PROBLEM STATEMENT: From the listing below, return each line that includes "cong".

INFORMATION GIVEN:
· · · ·
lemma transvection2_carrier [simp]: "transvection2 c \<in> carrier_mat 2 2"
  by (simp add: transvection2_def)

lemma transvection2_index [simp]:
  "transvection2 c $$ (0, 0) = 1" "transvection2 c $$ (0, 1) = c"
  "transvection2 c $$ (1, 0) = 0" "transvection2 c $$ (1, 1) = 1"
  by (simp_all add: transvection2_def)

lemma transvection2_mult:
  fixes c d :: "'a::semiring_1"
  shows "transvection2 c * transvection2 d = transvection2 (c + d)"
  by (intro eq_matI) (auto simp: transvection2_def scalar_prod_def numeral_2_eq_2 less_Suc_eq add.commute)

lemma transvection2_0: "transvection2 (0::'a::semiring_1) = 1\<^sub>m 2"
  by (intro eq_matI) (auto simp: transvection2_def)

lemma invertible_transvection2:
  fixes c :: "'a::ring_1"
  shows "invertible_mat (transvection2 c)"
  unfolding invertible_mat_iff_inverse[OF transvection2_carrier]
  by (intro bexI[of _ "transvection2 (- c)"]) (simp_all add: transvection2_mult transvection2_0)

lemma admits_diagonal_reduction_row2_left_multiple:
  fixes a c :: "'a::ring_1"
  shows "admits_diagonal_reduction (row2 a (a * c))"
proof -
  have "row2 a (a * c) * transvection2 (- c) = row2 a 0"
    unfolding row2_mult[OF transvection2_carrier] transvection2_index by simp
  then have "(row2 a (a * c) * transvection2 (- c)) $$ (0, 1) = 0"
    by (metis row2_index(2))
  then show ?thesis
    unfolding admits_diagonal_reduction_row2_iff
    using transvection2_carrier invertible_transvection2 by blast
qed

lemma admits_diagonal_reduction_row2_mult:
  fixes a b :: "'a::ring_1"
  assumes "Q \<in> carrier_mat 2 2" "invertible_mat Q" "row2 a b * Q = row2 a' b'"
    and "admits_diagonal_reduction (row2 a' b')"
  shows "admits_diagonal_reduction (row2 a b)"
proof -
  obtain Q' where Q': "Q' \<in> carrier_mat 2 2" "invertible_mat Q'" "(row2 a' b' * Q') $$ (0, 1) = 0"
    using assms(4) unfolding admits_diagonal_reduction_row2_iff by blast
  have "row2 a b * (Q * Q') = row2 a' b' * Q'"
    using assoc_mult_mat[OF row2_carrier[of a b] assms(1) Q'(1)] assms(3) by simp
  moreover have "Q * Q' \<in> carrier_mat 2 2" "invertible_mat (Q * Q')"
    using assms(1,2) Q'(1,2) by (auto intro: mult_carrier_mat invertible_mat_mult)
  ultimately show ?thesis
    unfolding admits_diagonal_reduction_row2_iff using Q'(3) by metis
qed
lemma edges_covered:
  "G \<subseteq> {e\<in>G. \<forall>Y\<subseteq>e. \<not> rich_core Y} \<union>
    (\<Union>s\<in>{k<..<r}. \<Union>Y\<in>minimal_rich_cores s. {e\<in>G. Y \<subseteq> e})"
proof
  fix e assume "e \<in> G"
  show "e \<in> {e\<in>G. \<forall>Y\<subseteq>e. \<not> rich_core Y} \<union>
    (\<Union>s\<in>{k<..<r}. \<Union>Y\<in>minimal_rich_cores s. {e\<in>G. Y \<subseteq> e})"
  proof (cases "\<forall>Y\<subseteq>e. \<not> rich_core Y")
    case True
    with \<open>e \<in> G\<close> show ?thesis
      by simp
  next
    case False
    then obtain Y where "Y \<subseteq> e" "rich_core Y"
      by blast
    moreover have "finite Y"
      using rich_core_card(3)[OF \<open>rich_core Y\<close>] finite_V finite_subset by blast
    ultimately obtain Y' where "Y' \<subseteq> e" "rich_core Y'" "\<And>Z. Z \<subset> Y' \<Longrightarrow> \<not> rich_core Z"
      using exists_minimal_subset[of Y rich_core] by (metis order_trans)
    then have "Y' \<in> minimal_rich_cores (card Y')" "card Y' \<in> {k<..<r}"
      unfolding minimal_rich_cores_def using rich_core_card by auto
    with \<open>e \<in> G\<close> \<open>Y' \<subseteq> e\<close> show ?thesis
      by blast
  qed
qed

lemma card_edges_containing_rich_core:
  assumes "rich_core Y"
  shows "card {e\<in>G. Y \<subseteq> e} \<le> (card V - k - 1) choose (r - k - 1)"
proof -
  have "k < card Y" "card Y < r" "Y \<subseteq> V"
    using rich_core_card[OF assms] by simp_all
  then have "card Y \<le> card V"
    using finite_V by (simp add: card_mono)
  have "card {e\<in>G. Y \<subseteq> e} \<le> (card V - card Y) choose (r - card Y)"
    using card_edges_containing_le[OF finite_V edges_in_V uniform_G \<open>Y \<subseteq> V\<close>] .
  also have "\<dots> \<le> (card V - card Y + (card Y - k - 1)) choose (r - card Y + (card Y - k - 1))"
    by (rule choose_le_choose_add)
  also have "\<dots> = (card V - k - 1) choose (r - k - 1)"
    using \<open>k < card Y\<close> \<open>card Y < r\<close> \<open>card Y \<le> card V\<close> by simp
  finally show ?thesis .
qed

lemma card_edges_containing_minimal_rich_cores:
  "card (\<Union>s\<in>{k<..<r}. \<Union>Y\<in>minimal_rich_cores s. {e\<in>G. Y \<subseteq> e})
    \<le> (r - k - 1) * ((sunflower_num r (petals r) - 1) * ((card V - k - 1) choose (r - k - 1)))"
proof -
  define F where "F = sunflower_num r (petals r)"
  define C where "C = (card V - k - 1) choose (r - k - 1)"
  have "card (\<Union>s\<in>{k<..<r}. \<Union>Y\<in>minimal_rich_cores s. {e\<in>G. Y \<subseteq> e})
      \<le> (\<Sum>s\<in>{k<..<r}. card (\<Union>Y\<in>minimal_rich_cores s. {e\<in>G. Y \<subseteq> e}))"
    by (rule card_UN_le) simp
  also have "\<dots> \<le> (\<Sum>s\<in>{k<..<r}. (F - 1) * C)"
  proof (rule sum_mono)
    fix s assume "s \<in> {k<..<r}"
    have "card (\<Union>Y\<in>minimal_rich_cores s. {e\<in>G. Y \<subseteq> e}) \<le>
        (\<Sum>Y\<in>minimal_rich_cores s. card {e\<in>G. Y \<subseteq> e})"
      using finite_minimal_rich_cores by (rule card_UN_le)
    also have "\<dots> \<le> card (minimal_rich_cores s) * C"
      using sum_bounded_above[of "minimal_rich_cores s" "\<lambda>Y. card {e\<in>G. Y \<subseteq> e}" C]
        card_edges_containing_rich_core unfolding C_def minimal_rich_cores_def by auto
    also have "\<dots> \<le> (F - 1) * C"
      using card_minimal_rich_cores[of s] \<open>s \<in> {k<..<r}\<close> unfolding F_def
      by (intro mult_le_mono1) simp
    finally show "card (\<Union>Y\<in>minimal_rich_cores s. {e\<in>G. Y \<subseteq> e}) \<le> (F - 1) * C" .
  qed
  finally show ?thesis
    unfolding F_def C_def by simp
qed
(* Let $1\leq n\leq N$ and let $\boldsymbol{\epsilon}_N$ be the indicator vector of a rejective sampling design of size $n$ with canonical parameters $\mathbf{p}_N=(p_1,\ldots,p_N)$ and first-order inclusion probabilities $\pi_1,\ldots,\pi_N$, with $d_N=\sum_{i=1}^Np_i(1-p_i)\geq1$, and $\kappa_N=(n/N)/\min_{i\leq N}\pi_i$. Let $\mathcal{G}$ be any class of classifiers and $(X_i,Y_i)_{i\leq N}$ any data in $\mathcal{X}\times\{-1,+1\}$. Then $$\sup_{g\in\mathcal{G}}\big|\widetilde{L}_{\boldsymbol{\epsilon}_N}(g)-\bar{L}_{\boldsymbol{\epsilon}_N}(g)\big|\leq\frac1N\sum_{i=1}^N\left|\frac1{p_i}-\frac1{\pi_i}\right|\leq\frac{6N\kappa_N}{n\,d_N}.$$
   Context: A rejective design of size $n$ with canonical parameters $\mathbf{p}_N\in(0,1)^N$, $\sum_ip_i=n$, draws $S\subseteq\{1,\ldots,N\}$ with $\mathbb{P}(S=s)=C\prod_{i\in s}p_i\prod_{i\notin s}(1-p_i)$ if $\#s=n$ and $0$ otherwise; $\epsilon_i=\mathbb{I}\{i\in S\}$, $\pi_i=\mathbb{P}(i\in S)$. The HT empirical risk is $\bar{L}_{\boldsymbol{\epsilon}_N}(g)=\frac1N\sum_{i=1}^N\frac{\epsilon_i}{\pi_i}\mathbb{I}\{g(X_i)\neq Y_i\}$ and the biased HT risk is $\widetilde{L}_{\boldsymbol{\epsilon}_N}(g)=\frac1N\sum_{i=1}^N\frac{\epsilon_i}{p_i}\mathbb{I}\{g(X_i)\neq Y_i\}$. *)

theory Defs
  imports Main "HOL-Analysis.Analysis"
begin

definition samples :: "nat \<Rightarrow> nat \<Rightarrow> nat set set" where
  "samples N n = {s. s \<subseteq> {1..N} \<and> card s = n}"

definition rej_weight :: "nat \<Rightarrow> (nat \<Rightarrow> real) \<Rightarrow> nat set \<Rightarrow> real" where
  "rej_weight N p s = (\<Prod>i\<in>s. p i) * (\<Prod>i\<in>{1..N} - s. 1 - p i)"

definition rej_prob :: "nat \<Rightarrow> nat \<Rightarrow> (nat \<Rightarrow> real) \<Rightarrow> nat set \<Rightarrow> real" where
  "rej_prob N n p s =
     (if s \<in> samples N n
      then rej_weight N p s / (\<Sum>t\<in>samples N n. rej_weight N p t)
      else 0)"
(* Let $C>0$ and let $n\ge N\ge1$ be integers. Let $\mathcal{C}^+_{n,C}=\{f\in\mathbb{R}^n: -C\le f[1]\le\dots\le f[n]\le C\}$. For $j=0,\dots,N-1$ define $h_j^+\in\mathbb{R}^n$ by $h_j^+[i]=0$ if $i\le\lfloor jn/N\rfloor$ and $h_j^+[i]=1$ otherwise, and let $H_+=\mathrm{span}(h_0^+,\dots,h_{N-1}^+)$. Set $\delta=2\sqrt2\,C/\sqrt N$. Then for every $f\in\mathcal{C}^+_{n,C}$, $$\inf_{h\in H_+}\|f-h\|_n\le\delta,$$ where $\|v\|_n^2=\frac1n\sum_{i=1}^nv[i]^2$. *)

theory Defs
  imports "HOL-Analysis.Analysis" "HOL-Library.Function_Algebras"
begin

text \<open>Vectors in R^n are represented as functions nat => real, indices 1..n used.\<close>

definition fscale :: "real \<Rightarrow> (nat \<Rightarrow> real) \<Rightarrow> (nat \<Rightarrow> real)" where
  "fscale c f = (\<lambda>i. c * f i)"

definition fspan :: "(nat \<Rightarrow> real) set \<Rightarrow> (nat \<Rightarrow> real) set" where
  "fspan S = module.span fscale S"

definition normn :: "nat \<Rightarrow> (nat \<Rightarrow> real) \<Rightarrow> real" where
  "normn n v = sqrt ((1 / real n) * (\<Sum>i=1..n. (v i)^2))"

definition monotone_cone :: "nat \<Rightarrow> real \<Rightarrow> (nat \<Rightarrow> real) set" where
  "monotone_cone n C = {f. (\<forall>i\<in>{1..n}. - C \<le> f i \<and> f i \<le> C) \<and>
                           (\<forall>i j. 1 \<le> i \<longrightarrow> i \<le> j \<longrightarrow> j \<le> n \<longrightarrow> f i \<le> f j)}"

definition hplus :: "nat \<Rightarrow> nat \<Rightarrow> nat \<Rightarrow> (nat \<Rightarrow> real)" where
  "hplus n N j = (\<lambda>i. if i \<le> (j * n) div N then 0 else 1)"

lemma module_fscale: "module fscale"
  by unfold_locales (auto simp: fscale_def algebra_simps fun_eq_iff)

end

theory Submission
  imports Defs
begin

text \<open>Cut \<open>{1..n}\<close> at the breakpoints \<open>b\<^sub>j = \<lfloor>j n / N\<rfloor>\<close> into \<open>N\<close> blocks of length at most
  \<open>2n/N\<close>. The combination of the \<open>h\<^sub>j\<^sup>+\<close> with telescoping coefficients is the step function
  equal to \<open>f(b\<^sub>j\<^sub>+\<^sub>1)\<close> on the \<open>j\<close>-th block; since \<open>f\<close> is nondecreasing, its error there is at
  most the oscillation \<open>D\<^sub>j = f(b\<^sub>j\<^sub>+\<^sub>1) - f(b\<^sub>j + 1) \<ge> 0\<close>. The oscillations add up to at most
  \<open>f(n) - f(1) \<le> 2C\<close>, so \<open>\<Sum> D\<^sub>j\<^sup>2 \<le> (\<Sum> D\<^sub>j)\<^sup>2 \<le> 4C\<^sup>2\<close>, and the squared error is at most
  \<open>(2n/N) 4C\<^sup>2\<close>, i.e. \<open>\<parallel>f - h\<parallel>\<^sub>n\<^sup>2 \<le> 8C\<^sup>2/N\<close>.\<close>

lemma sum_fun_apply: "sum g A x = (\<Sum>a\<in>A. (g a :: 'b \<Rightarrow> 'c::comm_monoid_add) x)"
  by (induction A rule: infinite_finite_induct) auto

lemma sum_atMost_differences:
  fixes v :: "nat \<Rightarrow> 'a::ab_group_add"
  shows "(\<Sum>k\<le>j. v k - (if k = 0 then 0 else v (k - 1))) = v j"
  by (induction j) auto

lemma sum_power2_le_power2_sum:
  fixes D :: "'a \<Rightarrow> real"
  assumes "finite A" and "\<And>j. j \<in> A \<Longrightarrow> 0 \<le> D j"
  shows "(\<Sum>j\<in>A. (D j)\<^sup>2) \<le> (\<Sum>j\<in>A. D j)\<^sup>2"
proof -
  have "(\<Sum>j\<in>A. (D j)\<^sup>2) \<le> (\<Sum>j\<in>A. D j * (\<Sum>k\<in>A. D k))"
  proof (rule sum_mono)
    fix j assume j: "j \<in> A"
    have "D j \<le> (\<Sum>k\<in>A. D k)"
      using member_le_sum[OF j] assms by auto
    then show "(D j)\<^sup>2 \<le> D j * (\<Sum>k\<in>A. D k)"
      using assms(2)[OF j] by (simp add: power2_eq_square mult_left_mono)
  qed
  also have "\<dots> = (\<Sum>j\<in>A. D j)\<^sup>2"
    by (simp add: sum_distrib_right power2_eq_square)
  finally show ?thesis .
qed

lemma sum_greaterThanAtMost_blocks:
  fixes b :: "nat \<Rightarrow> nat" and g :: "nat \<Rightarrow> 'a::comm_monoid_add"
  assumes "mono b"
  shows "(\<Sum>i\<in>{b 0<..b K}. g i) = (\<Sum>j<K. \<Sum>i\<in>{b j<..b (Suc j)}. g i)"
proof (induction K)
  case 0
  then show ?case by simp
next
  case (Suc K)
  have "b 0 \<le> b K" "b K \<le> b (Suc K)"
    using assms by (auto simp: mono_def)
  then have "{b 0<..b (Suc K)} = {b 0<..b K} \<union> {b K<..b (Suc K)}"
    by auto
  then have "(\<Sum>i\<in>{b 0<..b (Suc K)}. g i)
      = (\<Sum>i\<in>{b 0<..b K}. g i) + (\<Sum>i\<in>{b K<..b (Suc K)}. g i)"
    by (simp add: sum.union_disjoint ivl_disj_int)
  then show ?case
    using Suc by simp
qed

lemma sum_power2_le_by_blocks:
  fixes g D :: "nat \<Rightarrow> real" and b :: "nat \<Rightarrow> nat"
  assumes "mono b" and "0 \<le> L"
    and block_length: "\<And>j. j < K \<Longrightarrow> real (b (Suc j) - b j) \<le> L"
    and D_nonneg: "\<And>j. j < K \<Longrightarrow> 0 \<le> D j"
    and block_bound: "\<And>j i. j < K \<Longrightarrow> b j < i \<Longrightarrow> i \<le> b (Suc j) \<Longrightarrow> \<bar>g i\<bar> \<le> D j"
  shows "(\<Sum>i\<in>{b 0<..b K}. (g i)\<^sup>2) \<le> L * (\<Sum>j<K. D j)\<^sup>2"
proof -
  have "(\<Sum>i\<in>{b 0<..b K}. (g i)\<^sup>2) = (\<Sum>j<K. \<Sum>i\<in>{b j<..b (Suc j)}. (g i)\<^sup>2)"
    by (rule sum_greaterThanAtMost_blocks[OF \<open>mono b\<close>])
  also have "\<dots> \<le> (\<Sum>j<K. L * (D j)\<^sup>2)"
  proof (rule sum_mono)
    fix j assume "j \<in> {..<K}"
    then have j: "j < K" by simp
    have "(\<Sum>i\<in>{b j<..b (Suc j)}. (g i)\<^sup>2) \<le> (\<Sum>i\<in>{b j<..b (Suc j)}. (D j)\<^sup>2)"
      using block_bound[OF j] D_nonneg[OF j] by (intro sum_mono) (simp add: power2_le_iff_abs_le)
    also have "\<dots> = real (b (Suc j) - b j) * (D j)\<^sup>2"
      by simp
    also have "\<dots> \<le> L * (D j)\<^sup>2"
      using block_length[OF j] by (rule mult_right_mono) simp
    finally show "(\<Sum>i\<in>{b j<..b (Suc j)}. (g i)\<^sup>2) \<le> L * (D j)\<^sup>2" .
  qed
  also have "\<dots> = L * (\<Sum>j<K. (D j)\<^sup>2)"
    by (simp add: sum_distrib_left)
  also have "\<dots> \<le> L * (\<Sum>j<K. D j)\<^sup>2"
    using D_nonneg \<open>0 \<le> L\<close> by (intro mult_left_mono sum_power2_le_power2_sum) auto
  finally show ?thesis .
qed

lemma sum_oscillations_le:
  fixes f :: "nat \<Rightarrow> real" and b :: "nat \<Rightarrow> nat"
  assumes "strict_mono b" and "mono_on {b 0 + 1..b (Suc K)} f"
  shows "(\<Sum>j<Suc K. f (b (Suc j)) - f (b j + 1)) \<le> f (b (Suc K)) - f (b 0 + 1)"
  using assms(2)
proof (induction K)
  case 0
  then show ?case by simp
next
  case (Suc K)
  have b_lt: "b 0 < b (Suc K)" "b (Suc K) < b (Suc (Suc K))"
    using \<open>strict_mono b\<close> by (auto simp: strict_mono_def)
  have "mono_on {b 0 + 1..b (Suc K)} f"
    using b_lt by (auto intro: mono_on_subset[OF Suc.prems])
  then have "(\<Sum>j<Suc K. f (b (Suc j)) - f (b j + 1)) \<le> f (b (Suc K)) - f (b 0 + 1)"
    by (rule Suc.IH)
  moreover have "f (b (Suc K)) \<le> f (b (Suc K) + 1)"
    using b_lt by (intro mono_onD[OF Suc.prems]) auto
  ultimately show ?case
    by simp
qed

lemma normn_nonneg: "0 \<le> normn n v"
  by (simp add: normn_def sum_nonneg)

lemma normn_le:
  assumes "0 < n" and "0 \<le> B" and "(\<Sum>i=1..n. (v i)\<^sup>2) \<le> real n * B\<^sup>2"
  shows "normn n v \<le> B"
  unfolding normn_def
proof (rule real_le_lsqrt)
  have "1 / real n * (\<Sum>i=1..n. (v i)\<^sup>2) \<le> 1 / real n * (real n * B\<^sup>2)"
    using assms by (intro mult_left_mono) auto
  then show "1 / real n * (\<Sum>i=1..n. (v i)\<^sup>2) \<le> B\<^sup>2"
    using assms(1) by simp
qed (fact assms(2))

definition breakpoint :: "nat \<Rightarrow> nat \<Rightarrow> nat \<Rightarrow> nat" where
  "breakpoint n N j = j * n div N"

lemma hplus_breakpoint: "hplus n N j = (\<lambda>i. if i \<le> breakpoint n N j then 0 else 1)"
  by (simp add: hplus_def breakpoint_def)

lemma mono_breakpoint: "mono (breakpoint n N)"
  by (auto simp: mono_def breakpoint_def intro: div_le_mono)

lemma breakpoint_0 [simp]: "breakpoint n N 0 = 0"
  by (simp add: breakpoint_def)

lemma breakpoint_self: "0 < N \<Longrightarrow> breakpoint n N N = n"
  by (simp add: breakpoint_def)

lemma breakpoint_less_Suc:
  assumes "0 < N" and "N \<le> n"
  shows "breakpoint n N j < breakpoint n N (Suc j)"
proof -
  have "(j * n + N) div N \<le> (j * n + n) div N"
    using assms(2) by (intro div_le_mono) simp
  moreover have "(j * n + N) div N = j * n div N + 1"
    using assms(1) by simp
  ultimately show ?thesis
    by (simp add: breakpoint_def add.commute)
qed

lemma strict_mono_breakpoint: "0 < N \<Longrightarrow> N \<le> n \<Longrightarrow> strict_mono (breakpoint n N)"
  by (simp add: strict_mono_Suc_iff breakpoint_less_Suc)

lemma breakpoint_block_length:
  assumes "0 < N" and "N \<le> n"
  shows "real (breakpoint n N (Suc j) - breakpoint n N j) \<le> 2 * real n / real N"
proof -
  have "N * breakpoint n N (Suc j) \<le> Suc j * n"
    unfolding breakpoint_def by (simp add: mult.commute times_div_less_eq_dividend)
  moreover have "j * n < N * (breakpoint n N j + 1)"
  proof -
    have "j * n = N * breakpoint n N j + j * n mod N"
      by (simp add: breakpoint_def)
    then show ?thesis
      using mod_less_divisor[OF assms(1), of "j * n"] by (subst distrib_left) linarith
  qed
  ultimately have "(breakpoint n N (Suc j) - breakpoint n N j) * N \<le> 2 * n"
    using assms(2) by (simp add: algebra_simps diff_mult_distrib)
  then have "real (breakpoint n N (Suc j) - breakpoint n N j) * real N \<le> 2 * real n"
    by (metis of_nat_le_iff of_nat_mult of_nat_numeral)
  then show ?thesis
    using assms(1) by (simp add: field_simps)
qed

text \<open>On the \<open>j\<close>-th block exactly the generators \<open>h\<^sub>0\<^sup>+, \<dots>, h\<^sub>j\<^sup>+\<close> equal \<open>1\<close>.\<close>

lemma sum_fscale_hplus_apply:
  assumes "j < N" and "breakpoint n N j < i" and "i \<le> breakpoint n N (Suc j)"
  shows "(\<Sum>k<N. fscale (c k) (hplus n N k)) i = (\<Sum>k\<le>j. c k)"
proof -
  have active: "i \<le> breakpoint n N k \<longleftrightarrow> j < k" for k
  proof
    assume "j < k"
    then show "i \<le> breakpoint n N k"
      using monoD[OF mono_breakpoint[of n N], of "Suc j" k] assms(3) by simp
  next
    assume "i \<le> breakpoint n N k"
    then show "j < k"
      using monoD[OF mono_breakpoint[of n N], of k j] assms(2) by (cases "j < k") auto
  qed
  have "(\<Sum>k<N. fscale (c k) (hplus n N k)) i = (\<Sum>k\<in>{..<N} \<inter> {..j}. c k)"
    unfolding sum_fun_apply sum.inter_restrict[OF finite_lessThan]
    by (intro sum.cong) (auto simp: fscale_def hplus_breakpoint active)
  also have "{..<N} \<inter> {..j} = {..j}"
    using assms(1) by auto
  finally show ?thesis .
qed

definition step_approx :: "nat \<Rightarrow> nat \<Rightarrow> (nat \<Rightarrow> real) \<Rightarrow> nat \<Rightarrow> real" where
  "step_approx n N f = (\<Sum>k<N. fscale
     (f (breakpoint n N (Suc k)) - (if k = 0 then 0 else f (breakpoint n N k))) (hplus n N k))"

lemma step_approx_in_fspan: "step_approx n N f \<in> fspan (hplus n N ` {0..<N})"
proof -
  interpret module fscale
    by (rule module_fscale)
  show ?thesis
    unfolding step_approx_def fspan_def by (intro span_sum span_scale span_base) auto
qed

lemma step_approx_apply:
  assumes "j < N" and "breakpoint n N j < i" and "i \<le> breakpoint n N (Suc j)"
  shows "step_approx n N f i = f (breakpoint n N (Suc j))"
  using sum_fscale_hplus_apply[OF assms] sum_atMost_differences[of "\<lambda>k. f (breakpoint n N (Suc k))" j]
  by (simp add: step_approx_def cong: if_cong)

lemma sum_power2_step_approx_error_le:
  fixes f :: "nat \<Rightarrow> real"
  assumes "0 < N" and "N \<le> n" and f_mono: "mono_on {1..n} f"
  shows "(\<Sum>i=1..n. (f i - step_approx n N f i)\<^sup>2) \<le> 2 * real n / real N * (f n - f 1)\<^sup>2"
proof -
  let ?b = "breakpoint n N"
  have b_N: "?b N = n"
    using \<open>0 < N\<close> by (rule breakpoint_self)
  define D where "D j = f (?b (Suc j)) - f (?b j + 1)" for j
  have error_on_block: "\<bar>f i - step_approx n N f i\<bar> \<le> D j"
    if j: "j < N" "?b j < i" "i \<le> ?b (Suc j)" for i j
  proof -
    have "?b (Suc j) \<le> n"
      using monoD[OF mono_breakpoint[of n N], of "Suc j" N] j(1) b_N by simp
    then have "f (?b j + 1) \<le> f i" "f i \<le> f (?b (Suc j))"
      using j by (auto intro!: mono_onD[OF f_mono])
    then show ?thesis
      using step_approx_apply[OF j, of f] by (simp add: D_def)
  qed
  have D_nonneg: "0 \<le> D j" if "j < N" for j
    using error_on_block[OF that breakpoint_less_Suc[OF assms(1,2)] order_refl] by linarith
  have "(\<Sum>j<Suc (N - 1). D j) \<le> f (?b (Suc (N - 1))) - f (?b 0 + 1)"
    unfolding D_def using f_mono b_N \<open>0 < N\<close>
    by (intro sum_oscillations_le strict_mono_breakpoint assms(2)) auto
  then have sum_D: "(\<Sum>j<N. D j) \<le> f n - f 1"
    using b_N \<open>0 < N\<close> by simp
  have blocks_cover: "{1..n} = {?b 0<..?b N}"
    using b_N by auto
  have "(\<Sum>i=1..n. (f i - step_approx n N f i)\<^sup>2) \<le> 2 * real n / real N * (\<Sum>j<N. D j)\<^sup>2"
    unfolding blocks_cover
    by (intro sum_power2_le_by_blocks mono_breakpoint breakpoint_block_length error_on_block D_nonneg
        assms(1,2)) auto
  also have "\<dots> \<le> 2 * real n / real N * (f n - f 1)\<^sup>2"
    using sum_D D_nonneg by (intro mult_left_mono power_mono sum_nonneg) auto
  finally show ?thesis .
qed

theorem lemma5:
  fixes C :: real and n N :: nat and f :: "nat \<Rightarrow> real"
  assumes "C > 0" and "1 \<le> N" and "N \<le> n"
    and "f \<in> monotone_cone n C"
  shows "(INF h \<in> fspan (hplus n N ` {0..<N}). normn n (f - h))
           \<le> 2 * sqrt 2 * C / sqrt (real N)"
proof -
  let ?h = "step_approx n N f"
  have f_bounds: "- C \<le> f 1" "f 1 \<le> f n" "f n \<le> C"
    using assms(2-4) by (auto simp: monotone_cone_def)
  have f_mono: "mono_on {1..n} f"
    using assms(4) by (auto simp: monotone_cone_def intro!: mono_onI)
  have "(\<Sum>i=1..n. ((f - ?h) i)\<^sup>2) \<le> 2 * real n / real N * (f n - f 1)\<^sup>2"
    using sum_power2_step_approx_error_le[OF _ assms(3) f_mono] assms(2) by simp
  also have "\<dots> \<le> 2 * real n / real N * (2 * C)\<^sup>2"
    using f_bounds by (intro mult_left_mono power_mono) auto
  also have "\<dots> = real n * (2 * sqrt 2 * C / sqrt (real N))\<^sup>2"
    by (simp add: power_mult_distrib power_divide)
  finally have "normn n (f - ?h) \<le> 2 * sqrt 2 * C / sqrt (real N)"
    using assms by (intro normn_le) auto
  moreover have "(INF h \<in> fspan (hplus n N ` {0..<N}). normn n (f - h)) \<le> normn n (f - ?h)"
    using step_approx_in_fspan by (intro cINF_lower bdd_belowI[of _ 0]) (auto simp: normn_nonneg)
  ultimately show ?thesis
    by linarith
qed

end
· · · ·
TASK RESULT:
    by (intro sum.cong) (auto simp: fscale_def hplus_breakpoint active)
  by (simp add: step_approx_def cong: if_cong)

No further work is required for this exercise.